definition square_y :: "nat \<times> nat \<Rightarrow> real" where
  "square_y = (\<lambda>(t, i). if t = 0 then - real i - 1 else if t = 1 then - real i + 1/2 else - 2 * real i)"

definition square_side :: "nat \<times> nat \<Rightarrow> real" where
  "square_side = (\<lambda>(t, i). if t = 2 then 3/2 else 1)"

text \<open>The squares used for n points: indices (t, i) for which both spanning points exist.\<close>

definition square_index :: "nat \<Rightarrow> (nat \<times> nat) set" where
  "square_index n = {0} \<times> {..< (n + 1) div 2 - 1} \<union> {1} \<times> {..< n div 2 - 1}
                     \<union> {2} \<times> {..< (n div 2 + 1) div 2}"

lemma on_sq_boundary:
  "a \<le> x \<Longrightarrow> x \<le> a + s \<Longrightarrow> b \<le> y \<Longrightarrow> y \<le> b + s \<Longrightarrow> x = a \<or> x = a + s \<or> y = b \<or> y = b + s
     \<Longrightarrow> (x, y) \<in> sq_boundary a b s"
  unfolding sq_boundary_def sq_closed_def sq_interior_def by auto

lemma square_spanned:
  assumes "k \<in> square_index n"
  shows "\<exists>p\<in>two_diagonals n. \<exists>q\<in>two_diagonals n. p \<noteq> q \<and>
           p \<in> sq_boundary (square_x k) (square_y k) (square_side k) \<and>
           q \<in> sq_boundary (square_x k) (square_y k) (square_side k)"
proof -
  have "n div 2 \<le> (n + 1) div 2" by simp
  then consider (lower) i where "k = (0, i)" "i + 1 < (n + 1) div 2"
    | (upper) i where "k = (1, i)" "i + 1 < n div 2"
    | (between) i where "k = (2, i)" "2 * i < n div 2" "2 * i < (n + 1) div 2"
    using assms unfolding square_index_def by fastforce
  then show ?thesis
  proof cases
    case (lower i)
    hence "lower_diag i \<in> two_diagonals n" "lower_diag (i + 1) \<in> two_diagonals n"
      unfolding two_diagonals_def by auto
    moreover have "lower_diag i \<noteq> lower_diag (i + 1)" unfolding lower_diag_def by simp
    moreover have "lower_diag i \<in> sq_boundary (square_x k) (square_y k) (square_side k)"
      "lower_diag (i + 1) \<in> sq_boundary (square_x k) (square_y k) (square_side k)"
      unfolding lower_diag_def square_x_def square_y_def square_side_def lower(1)
      by (auto intro!: on_sq_boundary)
    ultimately show ?thesis by blast
  next
    case (upper i)
    hence "upper_diag i \<in> two_diagonals n" "upper_diag (i + 1) \<in> two_diagonals n"
      unfolding two_diagonals_def by auto
    moreover have "upper_diag i \<noteq> upper_diag (i + 1)" unfolding upper_diag_def by simp
    moreover have "upper_diag i \<in> sq_boundary (square_x k) (square_y k) (square_side k)"
      "upper_diag (i + 1) \<in> sq_boundary (square_x k) (square_y k) (square_side k)"
      unfolding upper_diag_def square_x_def square_y_def square_side_def upper(1)
      by (auto intro!: on_sq_boundary)
    ultimately show ?thesis by blast
  next
    case (between i)
    hence "lower_diag (2 * i) \<in> two_diagonals n" "upper_diag (2 * i) \<in> two_diagonals n"
      unfolding two_diagonals_def by auto
    moreover have "lower_diag (2 * i) \<noteq> upper_diag (2 * i)"
      unfolding lower_diag_def upper_diag_def by simp
    moreover have "lower_diag (2 * i) \<in> sq_boundary (square_x k) (square_y k) (square_side k)"
      "upper_diag (2 * i) \<in> sq_boundary (square_x k) (square_y k) (square_side k)"
      unfolding lower_diag_def upper_diag_def square_x_def square_y_def square_side_def between(1)
      by (auto intro!: on_sq_boundary)
    ultimately show ?thesis by blast
  qed
qed
lemma slash_gr_P_kD_eq_0:
  assumes "0 < d" "odd k" "\<not> (\<exists>b\<in>Od d. Nrm b = of_nat \<Delta>)"
    and "\<And>c M. (c, M) \<in> set L \<Longrightarrow> unimodular d M"
    and "\<And>G. G \<in> int_forms d \<Delta> \<Longrightarrow> (\<Sum>(c, M)\<leftarrow>L. c * sign_change (form_act (minv M) G)) = 0"
  shows "slash_gr k (P_kD d k \<Delta>) L = 0"
proof -
  let ?X = "index_forms d \<Delta>"
  have X: "?X \<subseteq> int_forms d \<Delta>"
    by (auto simp: index_forms_def)
  have "slash_gr k (P_kD d k \<Delta>) L = (\<Sum>(c, M)\<leftarrow>L. of_int c * (\<Sum>F\<in>?X. form_poly (form_act M F) ^ k))"
    unfolding slash_gr_def
  proof (intro arg_cong[where f = sum_list] map_cong refl)
    fix p
    assume "p \<in> set L"
    moreover obtain c M where p: "p = (c, M)"
      by (cases p)
    ultimately have "mdet M \<noteq> 0"
      using assms(4) unimodular_mdet_nonzero by blast
    then show "(case p of (n, M) \<Rightarrow> of_int n * slash k (P_kD d k \<Delta>) M)
        = (case p of (c, M) \<Rightarrow> of_int c * (\<Sum>F\<in>?X. form_poly (form_act M F) ^ k))"
      by (simp add: p slash_P_kD[OF assms(1)])
  qed
  also have "\<dots> = 0"
  proof (rule sum_list_sum_odd_eq_0[where Y = "int_forms d \<Delta>" and n = uminus])
    show "finite ?X"
      by (rule finite_index_forms[OF assms(1)])
  next
    fix c M
    assume "(c, M) \<in> set L"
    then have M: "unimodular d M"
      by (rule assms(4))
    have "inj_on (form_act M) ?X"
      using X M by (intro inj_on_inverseI[of _ "form_act (minv M)"])
        (auto simp: form_act_minv unimodular_mdet_nonzero hermitian_if_int_forms)
    then show "inj_on (form_act M) ?X \<and> form_act M ` ?X \<subseteq> int_forms d \<Delta>"
      using X form_act_int_forms[OF M] by blast
  next
    fix G
    assume G: "G \<in> int_forms d \<Delta>"
    have "- G \<noteq> G"
    proof
      assume "- G = G"
      from arg_cong[OF this, of "\<lambda>F. Re (fst F)"] have "Re (fst G) = 0"
        by simp
      then show False
        using int_forms_Re_nonzero[OF assms(3) G] by simp
    qed
    then show "- G \<in> int_forms d \<Delta> \<and> - (- G) = G \<and> - G \<noteq> G \<and> form_poly (- G) ^ k = - (form_poly G ^ k)"
      using G assms(2) by (simp add: uminus_int_forms form_poly_uminus)
    have "c * of_bool (- G \<in> form_act M ` ?X)
        = c * of_bool (G \<in> form_act M ` ?X) + c * sign_change (form_act (minv M) G)"
      if "(c, M) \<in> set L" for c M
    proof -
      have M: "unimodular d M"
        using that by (rule assms(4))
      have H: "form_act (minv M) G \<in> int_forms d \<Delta>"
        using M G by (simp add: form_act_int_forms unimodular_minv)
      have "G \<in> form_act M ` ?X \<longleftrightarrow> form_act (minv M) G \<in> ?X"
        by (rule image_form_act_iff[OF M X G])
      moreover have "- G \<in> form_act M ` ?X \<longleftrightarrow> - form_act (minv M) G \<in> ?X"
        using image_form_act_iff[OF M X uminus_int_forms[OF G]] by (simp add: form_act_uminus)
      ultimately show ?thesis
        using of_bool_uminus_index_forms[OF assms(3) H] by (simp add: distrib_left)
    qed
    then have "(\<Sum>(c, M)\<leftarrow>L. c * of_bool (- G \<in> form_act M ` ?X))
        = (\<Sum>(c, M)\<leftarrow>L. c * of_bool (G \<in> form_act M ` ?X) + c * sign_change (form_act (minv M) G))"
      by (intro arg_cong[where f = sum_list] map_cong) auto
    also have "\<dots> = (\<Sum>(c, M)\<leftarrow>L. c * of_bool (G \<in> form_act M ` ?X))
        + (\<Sum>(c, M)\<leftarrow>L. c * sign_change (form_act (minv M) G))"
      by (induction L) auto
    finally show "(\<Sum>(c, M)\<leftarrow>L. c * of_bool (- G \<in> form_act M ` ?X))
        = (\<Sum>(c, M)\<leftarrow>L. c * of_bool (G \<in> form_act M ` ?X))"
      using assms(5)[OF G] by simp
  qed
  finally show ?thesis .
qed

lemma bieval_P_kD_swap: "bieval (P_kD d k \<Delta>) w z = bieval (P_kD d k \<Delta>) z w"
proof (rule bieval_P_kD_eq_if_bij[where \<phi> = "\<lambda>(A, B, C). (A, cnj B, C)"])
  show "bij_betw (\<lambda>(A, B, C). (A, cnj B, C)) (index_forms d \<Delta>) (index_forms d \<Delta>)"
    by (rule bij_betw_byWitness[where f' = "\<lambda>(A, B, C). (A, cnj B, C)"])
      (auto simp: index_forms_def int_forms_def form_disc_def Od_cnj mult.commute)
  show "bieval (form_poly ((\<lambda>(A, B, C). (A, cnj B, C)) F)) z w = bieval (form_poly F) w z" for F
    by (cases F) (simp add: algebra_simps)
qed
(* Fix $\omega\in(0,1)$. For a Banach space $(X,\|\cdot\|_X)$ define $f_\omega:X\to X$ by $f_\omega(x)=\|x\|_X^{\omega-1}x$ for $x\neq0$ and $f_\omega(0)=0$. Then for every $p\in(0,\infty)$ and all $x,y\in X$, $$\frac{\eta(p,\omega)\|x-y\|_X}{(\|x\|_X^{p\omega}+\|y\|_X^{p\omega})^{\frac{1-\omega}{p\omega}}}\le\|f_\omega(x)-f_\omega(y)\|_X\le2^{1-\omega}\|x-y\|_X^\omega,$$ where $\eta(p,\omega)=\inf_{\sigma\in[0,1)}\frac{1-\sigma^\omega}{1-\sigma}(1+\sigma^{p\omega})^{\frac{1-\omega}{p\omega}}$. Moreover (for $X\neq\{0\}$) neither of the constants $\eta(p,\omega)$ and $2^{1-\omega}$ in these two inequalities can be improved. *)

theory Defs
  imports "HOL-Analysis.Analysis"
begin

definition f_omega :: "real \<Rightarrow> 'a::real_normed_vector \<Rightarrow> 'a" where
  "f_omega \<omega> x = (if x = 0 then 0 else (norm x powr (\<omega> - 1)) *\<^sub>R x)"

definition eta :: "real \<Rightarrow> real \<Rightarrow> real" where
  "eta p \<omega> = Inf ((\<lambda>\<sigma>. (1 - \<sigma> powr \<omega>) / (1 - \<sigma>)
        * (1 + \<sigma> powr (p * \<omega>)) powr ((1 - \<omega>) / (p * \<omega>))) ` {0..<1})"

end

theory Submission
  imports Defs
begin

text \<open>Let \<open>\<parallel>y\<parallel> \<le> \<parallel>x\<parallel>\<close>, \<open>a = \<parallel>x\<parallel>\<close>, \<open>b = \<parallel>y\<parallel>\<close>, \<open>t = \<parallel>x - y\<parallel>\<close>. Writing
  \<open>f x - f y = a^(\<omega>-1) (x - y) + (a^(\<omega>-1) - b^(\<omega>-1)) y\<close> reduces the upper bound to
  a real inequality in \<open>a, b, t\<close>, which is proved separately for \<open>t < b\<close>, \<open>b \<le> t \<le> 2b\<close>
  and \<open>2b < t\<close>. The same splitting for the inverse map \<open>u \<mapsto> \<parallel>u\<parallel>^(1/\<omega>-1) u\<close> gives
  \<open>t (a^\<omega> - b^\<omega>) \<le> \<parallel>f x - f y\<parallel> (a - b)\<close>, and for \<open>\<sigma> = b/a\<close> the resulting lower
  bound is exactly the function of \<open>\<sigma>\<close> whose infimum is \<open>\<eta>(p, \<omega>)\<close>. For a unit
  vector \<open>e\<close>, the pairs \<open>(e, \<sigma> e)\<close> attain that function and \<open>(e, -e)\<close> attains
  \<open>2^(1-\<omega>)\<close>, so neither constant can be improved.\<close>

lemma powr_ge_one_plus_mult_nonpos:
  fixes x r :: real
  assumes "0 < x" "r \<le> 0"
  shows "1 + r * (x - 1) \<le> x powr r"
proof -
  have "r * (x - 1) \<le> r * ln x"
    using ln_le_minus_one[OF assms(1)] assms(2) by (simp add: mult_left_mono_neg)
  also have "1 + r * ln x \<le> exp (r * ln x)" by simp
  finally show ?thesis using assms by (simp add: powr_def)
qed
lemma prob_good_event:
  "prob (good_event j n) = (\<Prod>k<6 * 2 ^ j. prob (calm_block j n k)) * prob (overshoot j)"
proof -
  define m :: nat where "m = 6 * 2 ^ j"
  define A :: "nat \<Rightarrow> (nat \<Rightarrow> real) set" where "A k = {w \<in> space (PiM {..2 ^ n} (\<lambda>_. borel)).
    if k < m then (\<forall>a\<in>{..2 ^ n}. \<forall>b\<in>{..2 ^ n}. \<bar>w b - w a\<bar> \<le> 1/2) \<and> w (2 ^ n) < 0
    else 3 * 2 ^ j + 1 \<le> w (2 ^ n)}" for k
  have "A k \<in> sets (PiM {..2 ^ n} (\<lambda>_. borel))" for k
    unfolding A_def by (cases "k < m") measurable
  then have product: "prob (\<Inter>k\<in>{..<Suc m}. dyadic_block j n k -` A k \<inter> space M) =
      (\<Prod>k\<in>{..<Suc m}. prob (dyadic_block j n k -` A k \<inter> space M))"
    by (intro indep_varsD[OF indep_vars_dyadic_block]) auto
  have range: "dyadic_block j n k \<in> space M \<rightarrow> space (PiM {..2 ^ n} (\<lambda>_. borel))" for k
    by (simp add: dyadic_block_def space_PiM)
  have calm_preimage: "dyadic_block j n k -` A k \<inter> space M = calm_block j n k" if "k < m" for k
  proof -
    have "dyadic_block j n k -` A k \<inter> space M = {\<omega>\<in>space M.
        (\<forall>a\<in>{..2 ^ n}. \<forall>b\<in>{..2 ^ n}. \<bar>dyadic_block j n k \<omega> b - dyadic_block j n k \<omega> a\<bar> \<le> 1/2) \<and>
        dyadic_block j n k \<omega> (2 ^ n) < 0}"
      using that range by (auto simp: A_def Pi_iff)
    also have "\<dots> = calm_block j n k"
      unfolding calm_block_def dyadic_block_last
      by (simp only: dyadic_block_osc diff_less_0_iff_less cong: ball_cong)
    finally show ?thesis .
  qed
  have overshoot_preimage: "dyadic_block j n m -` A m \<inter> space M = overshoot j"
  proof -
    have "real (Suc m) / 2 ^ j = 6 + 1 / 2 ^ j" "real m / 2 ^ j = 6"
      by (simp_all add: m_def field_simps)
    then show ?thesis
      using range by (auto simp: A_def overshoot_def dyadic_block_last Pi_iff)
  qed
  have "(\<Inter>k\<in>{..<Suc m}. dyadic_block j n k -` A k \<inter> space M) = good_event j n"
    unfolding good_event_def m_def[symmetric] lessThan_Suc INT_insert overshoot_preimage
    using calm_preimage by (simp add: Int_commute)
  with product show ?thesis
    unfolding m_def[symmetric] prod.lessThan_Suc overshoot_preimage using calm_preimage by simp
qed
text \<open>If I is contained in A_j, the j-th coordinate of the sum of the forms L_H over
  I <= H <= X with card H = card I + t is the binomial coefficient (y_j choose t), where
  y_j = card (A_j \<inter> X) - card I.  As card (A_j \<inter> X) is card A_j or card A_j - 1 and
  card A_j mod p lies in K, every y_j is a root modulo p of the degree 2r polynomial
  P(y) = prod over k in K of (y - k + card I) (y - k + card I + 1).  Written in the binomial
  basis, P has leading term (2r)! (y choose 2r); for 2r < p this coefficient is invertible
  mod p, so (y_j choose 2r) is one fixed combination of the (y_j choose t), t < 2r, for all j
  simultaneously, which is the claimed relation among the forms.  The bound on i leaves only
  p = 2, r = s = 1, i = 0 with 2r >= p, and there the parity conditions alone make the forms
  L_H with card H < 2 span every linear form.\<close>

definition in_choose_span :: "nat \<Rightarrow> (nat \<Rightarrow> int) \<Rightarrow> bool" where
  "in_choose_span k f \<longleftrightarrow> (\<exists>c. \<forall>y. f y = (\<Sum>t<k. c t * int (y choose t)))"

lemma in_choose_span_zero: "in_choose_span k (\<lambda>y. 0)"
  unfolding in_choose_span_def by (rule exI[of _ "\<lambda>_. 0"]) simp

lemma in_choose_span_add:
  assumes "in_choose_span k f" "in_choose_span k g"
  shows "in_choose_span k (\<lambda>y. f y + g y)"
proof -
  obtain c d where "\<And>y. f y = (\<Sum>t<k. c t * int (y choose t))" "\<And>y. g y = (\<Sum>t<k. d t * int (y choose t))"
    using assms unfolding in_choose_span_def by blast
  then have "f y + g y = (\<Sum>t<k. (c t + d t) * int (y choose t))" for y
    by (simp add: distrib_right sum.distrib)
  then show ?thesis unfolding in_choose_span_def by (intro exI[of _ "\<lambda>t. c t + d t"]) blast
qed

lemma in_choose_span_smult:
  assumes "in_choose_span k f"
  shows "in_choose_span k (\<lambda>y. a * f y)"
proof -
  obtain c where "\<And>y. f y = (\<Sum>t<k. c t * int (y choose t))"
    using assms unfolding in_choose_span_def by blast
  then have "a * f y = (\<Sum>t<k. (a * c t) * int (y choose t))" for y
    by (simp add: sum_distrib_left mult.assoc)
  then show ?thesis unfolding in_choose_span_def by (intro exI[of _ "\<lambda>t. a * c t"]) blast
qed

lemma in_choose_span_sum:
  assumes "\<And>x. x \<in> S \<Longrightarrow> in_choose_span k (g x)"
  shows "in_choose_span k (\<lambda>y. \<Sum>x\<in>S. g x y)"
  using assms by (induction S rule: infinite_finite_induct)
    (auto intro: in_choose_span_add in_choose_span_zero)

lemma in_choose_span_choose:
  assumes "t < k"
  shows "in_choose_span k (\<lambda>y. int (y choose t))"
proof -
  have "int (y choose t) = (\<Sum>s<k. of_bool (s = t) * int (y choose s))" for y
  proof -
    have "(\<Sum>s<k. of_bool (s = t) * int (y choose s)) = (\<Sum>s<k. if s = t then int (y choose s) else 0)"
      by (rule sum.cong) auto
    then show ?thesis using assms by simp
  qed
  then show ?thesis unfolding in_choose_span_def by (intro exI[of _ "\<lambda>s. of_bool (s = t)"]) blast
qed

lemma linear_times_choose:
  "(int y - u) * int (y choose t) = int (Suc t) * int (y choose Suc t) + (int t - u) * int (y choose t)"
proof -
  have "Suc t * (y choose Suc t) = (y - t) * (y choose t)"
    by (metis binomial_absorb_comp binomial_absorption)
  moreover have "(y - t) * (y choose t) + t * (y choose t) = y * (y choose t)"
    by (cases "t \<le> y") (auto simp: algebra_simps diff_mult_distrib)
  ultimately have "Suc t * (y choose Suc t) + t * (y choose t) = y * (y choose t)"
    by simp
  then have "int (Suc t) * int (y choose Suc t) + int t * int (y choose t) = int y * int (y choose t)"
    by (metis of_nat_add of_nat_mult)
  then show ?thesis by (simp add: algebra_simps)
qed
definition jset_perms :: "nat \<Rightarrow> nat set \<Rightarrow> (nat \<Rightarrow> nat) set" where
  "jset_perms n E = {\<tau> \<in> perms n. jset n \<tau> = E}"

lemma card_jset_perms_Suc_filter:
  "card {\<tau> \<in> jset_perms (Suc n) E. Q \<tau>} =
    (\<Sum>\<sigma>\<in>jset_perms n (E - {Suc n}). card {r \<in> {1..Suc n}.
       (Suc n \<in> E \<longleftrightarrow> is_involution_on (snoc_perm \<sigma> n r) {1..Suc n}) \<and> Q (snoc_perm \<sigma> n r)})"
    (is "_ = (\<Sum>\<sigma>\<in>_. ?c \<sigma>)")
proof -
  have "card {\<tau> \<in> jset_perms (Suc n) E. Q \<tau>} =
      (\<Sum>\<sigma>\<in>perms n. card {r \<in> {1..Suc n}. jset (Suc n) (snoc_perm \<sigma> n r) = E \<and> Q (snoc_perm \<sigma> n r)})"
    using card_perms_Suc_filter[of n "\<lambda>\<tau>. jset (Suc n) \<tau> = E \<and> Q \<tau>"]
    by (simp add: jset_perms_def conj_assoc)
  also have "\<dots> = (\<Sum>\<sigma>\<in>perms n. if jset n \<sigma> = E - {Suc n} then ?c \<sigma> else 0)"
  proof (rule sum.cong[OF refl])
    fix \<sigma> assume "\<sigma> \<in> perms n"
    then have \<sigma>: "\<sigma> permutes {1..n}" by (simp add: perms_def)
    note eq = jset_snoc_perm_eq_iff[OF \<sigma>, of _ E]
    show "card {r \<in> {1..Suc n}. jset (Suc n) (snoc_perm \<sigma> n r) = E \<and> Q (snoc_perm \<sigma> n r)} =
      (if jset n \<sigma> = E - {Suc n} then ?c \<sigma> else 0)"
    proof (cases "jset n \<sigma> = E - {Suc n}")
      case True
      show ?thesis
        unfolding if_P[OF True] by (intro arg_cong[where f = card] Collect_cong) (use eq True in blast)
    next
      case False
      then have "{r \<in> {1..Suc n}. jset (Suc n) (snoc_perm \<sigma> n r) = E \<and> Q (snoc_perm \<sigma> n r)} = {}"
        using eq by blast
      then show ?thesis using False by simp
    qed
  qed
  also have "\<dots> = (\<Sum>\<sigma>\<in>jset_perms n (E - {Suc n}). ?c \<sigma>)"
    unfolding jset_perms_def by (rule sum.inter_filter[OF finite_perms, symmetric])
  finally show ?thesis .
qed

section \<open>Involutive extensions of involutions\<close>

definition tail_reversed :: "(nat \<Rightarrow> nat) \<Rightarrow> nat \<Rightarrow> bool" where
  "tail_reversed \<sigma> n \<longleftrightarrow> (\<forall>i \<in> {\<sigma> n..n}. \<sigma> i = \<sigma> n + n - i)"

lemma tail_reversedD: "tail_reversed \<sigma> n \<Longrightarrow> \<sigma> n \<le> i \<Longrightarrow> i \<le> n \<Longrightarrow> \<sigma> i = \<sigma> n + n - i"
  by (metis atLeastAtMost_iff tail_reversed_def)

lemma involution_onD: "is_involution_on \<sigma> A \<Longrightarrow> i \<in> A \<Longrightarrow> \<sigma> (\<sigma> i) = i"
  by (simp add: is_involution_on_def)

lemma involution_maps_below:
  assumes \<sigma>: "\<sigma> permutes {1..n}" "is_involution_on \<sigma> {1..n}"
    and up: "\<And>j. j \<in> {a..n} \<Longrightarrow> a \<le> \<sigma> j" and i: "1 \<le> i" "i < a" and a: "a \<le> Suc n"
  shows "\<sigma> i < a"
proof (rule ccontr)
  assume "\<not> \<sigma> i < a"
  then have "\<sigma> i \<in> {a..n}" using perm_bounds[OF \<sigma>(1), of i] i a by auto
  then have "a \<le> \<sigma> (\<sigma> i)" by (rule up)
  moreover have "\<sigma> (\<sigma> i) = i" using involution_onD[OF \<sigma>(2)] i a by auto
  ultimately show False using i by simp
qed

lemma tail_reversed_maps_below:
  assumes \<sigma>: "\<sigma> permutes {1..n}" "is_involution_on \<sigma> {1..n}" and "tail_reversed \<sigma> n"
    and "1 \<le> n" "1 \<le> i" "i < \<sigma> n"
  shows "\<sigma> i < \<sigma> n"
proof (rule involution_maps_below[OF \<sigma>])
  show "\<sigma> n \<le> \<sigma> j" if "j \<in> {\<sigma> n..n}" for j
    using that tail_reversedD[OF \<open>tail_reversed \<sigma> n\<close>, of j] by auto
  show "\<sigma> n \<le> Suc n"
    using perm_bounds[OF \<sigma>(1), of n] \<open>1 \<le> n\<close> by simp
qed (use assms in simp_all)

§ §

### Problem to solve
Exactly as they appear, please write out the lines from the opening of the listing above down to the line containing "(nat \<times> nat)", with both end lines included.

### Expected answer
definition square_y :: "nat \<times> nat \<Rightarrow> real" where
  "square_y = (\<lambda>(t, i). if t = 0 then - real i - 1 else if t = 1 then - real i + 1/2 else - 2 * real i)"

definition square_side :: "nat \<times> nat \<Rightarrow> real" where
  "square_side = (\<lambda>(t, i). if t = 2 then 3/2 else 1)"

text \<open>The squares used for n points: indices (t, i) for which both spanning points exist.\<close>

definition square_index :: "nat \<Rightarrow> (nat \<times> nat) set" where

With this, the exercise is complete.